lemma x_lower_bound:
  assumes "k < 1" "s \<in> T" "r \<in> T" "s \<le> r"
  shows "exp (lyapunov s / (1 - k)) \<le> x r"
proof -
  have "0 < x r" "0 < y r"
    using x_pos[OF assms(3)] y_pos[OF assms(3)] by simp_all
  then have "k * ln (x r) \<le> k * ln (x r + y r)"
    using k by (intro mult_left_mono) simp_all
  then have "lyapunov r \<le> ln (x r) * (1 - k)"
    by (simp add: lyapunov_def algebra_simps)
  with lyapunov_mono[OF assms(2-4)] have "lyapunov s \<le> ln (x r) * (1 - k)"
    by linarith
  with assms(1) have "lyapunov s / (1 - k) \<le> ln (x r)"
    by (simp add: pos_divide_le_eq)
  then have "exp (lyapunov s / (1 - k)) \<le> exp (ln (x r))"
    by simp
  with \<open>0 < x r\<close> show ?thesis
    by simp
qed

lemma x_uniformly_pos:
  assumes "k < 1" "t0 \<in> T"
  obtains \<epsilon> where "\<epsilon> > 0" "\<And>t. t \<in> T \<Longrightarrow> \<epsilon> \<le> x t"
proof
  show "exp (lyapunov t0 / (1 - k)) > 0"
    by simp
  show "exp (lyapunov t0 / (1 - k)) \<le> x t" if "t \<in> T" for t
  proof (cases "t0 \<le> t")
    case True
    with assms that show ?thesis
      by (rule x_lower_bound)
  next
    case False
    then have "x t0 \<le> x t"
      using x_antimono[OF that assms(2)] by simp
    with x_lower_bound[OF assms(1,2,2) order_refl] show ?thesis
      by linarith
  qed
qed

end

theorem sir_limits:
  assumes unbounded: "\<forall>r. \<exists>t\<in>T. r < t" and t0: "t0 \<in> T"
    and k: "0 \<le> k" "k < 1" "\<And>t. t \<in> T \<Longrightarrow> b t \<le> k * c t"
    and P: "\<And>t. t \<in> T \<Longrightarrow> has_delta_derivative T P (c t - b t) t"
    and P_lim: "filterlim P at_top (inf at_top (principal T))"
  obtains \<alpha> where "0 < \<alpha>" "\<alpha> \<le> x t0"
    and "(x \<longlongrightarrow> \<alpha>) (inf at_top (principal T))"
    and "(y \<longlongrightarrow> 0) (inf at_top (principal T))"
    and "(z \<longlongrightarrow> x t0 + y t0 + z t0 - \<alpha>) (inf at_top (principal T))"
proof
  let ?F = "inf at_top (principal T)"
  have "T \<noteq> {}"
    using t0 by blast
  have bdd: "bdd_below (x ` T)"
    using x_pos by (intro bdd_belowI2[of _ 0]) (simp add: less_imp_le)
  show x_lim: "(x \<longlongrightarrow> Inf (x ` T)) ?F"
    using \<open>T \<noteq> {}\<close> bdd x_antimono by (rule ts_antimono_tendsto_Inf)
  show y_lim: "(y \<longlongrightarrow> 0) ?F"
    using closed unbounded
  proof (rule ts_tendsto_zero_if_delta_derivative_le)
    show "incidence t - c t * y (ts_sigma T t) \<le> - (c t - b t) * y (ts_sigma T t)" if "t \<in> T" for t
      using incidence_le[OF that] by (simp add: algebra_simps)
  qed (use y_pos b_le_c y_deriv_incidence P P_lim in \<open>auto simp: less_imp_le\<close>)
  obtain \<epsilon> where "\<epsilon> > 0" "\<And>t. t \<in> T \<Longrightarrow> \<epsilon> \<le> x t"
    using x_uniformly_pos[OF k(1) less_imp_le[OF k(2)] k(3) k(2) t0] by blast
  then show "0 < Inf (x ` T)"
    using \<open>T \<noteq> {}\<close> by (auto intro: less_le_trans[OF _ cInf_greatest])
  show "Inf (x ` T) \<le> x t0"
    using bdd t0 by (simp add: cInf_lower)
  have "\<forall>\<^sub>F t in ?F. x t0 + y t0 + z t0 - x t - y t = z t"
    using population_const[OF t0] by (intro eventually_ts_at_top[of T t0]) (simp add: algebra_simps)
  moreover have "((\<lambda>t. x t0 + y t0 + z t0 - x t - y t) \<longlongrightarrow> x t0 + y t0 + z t0 - Inf (x ` T) - 0) ?F"
    by (intro tendsto_intros x_lim y_lim)
  ultimately show "(z \<longlongrightarrow> x t0 + y t0 + z t0 - Inf (x ` T)) ?F"
    by (simp add: tendsto_cong)
qed

end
******
I need every line from the material that contains the word "forall".

  assumes unbounded: "\<forall>r. \<exists>t\<in>T. r < t" and t0: "t0 \<in> T"
  have "\<forall>\<^sub>F t in ?F. x t0 + y t0 + z t0 - x t - y t = z t"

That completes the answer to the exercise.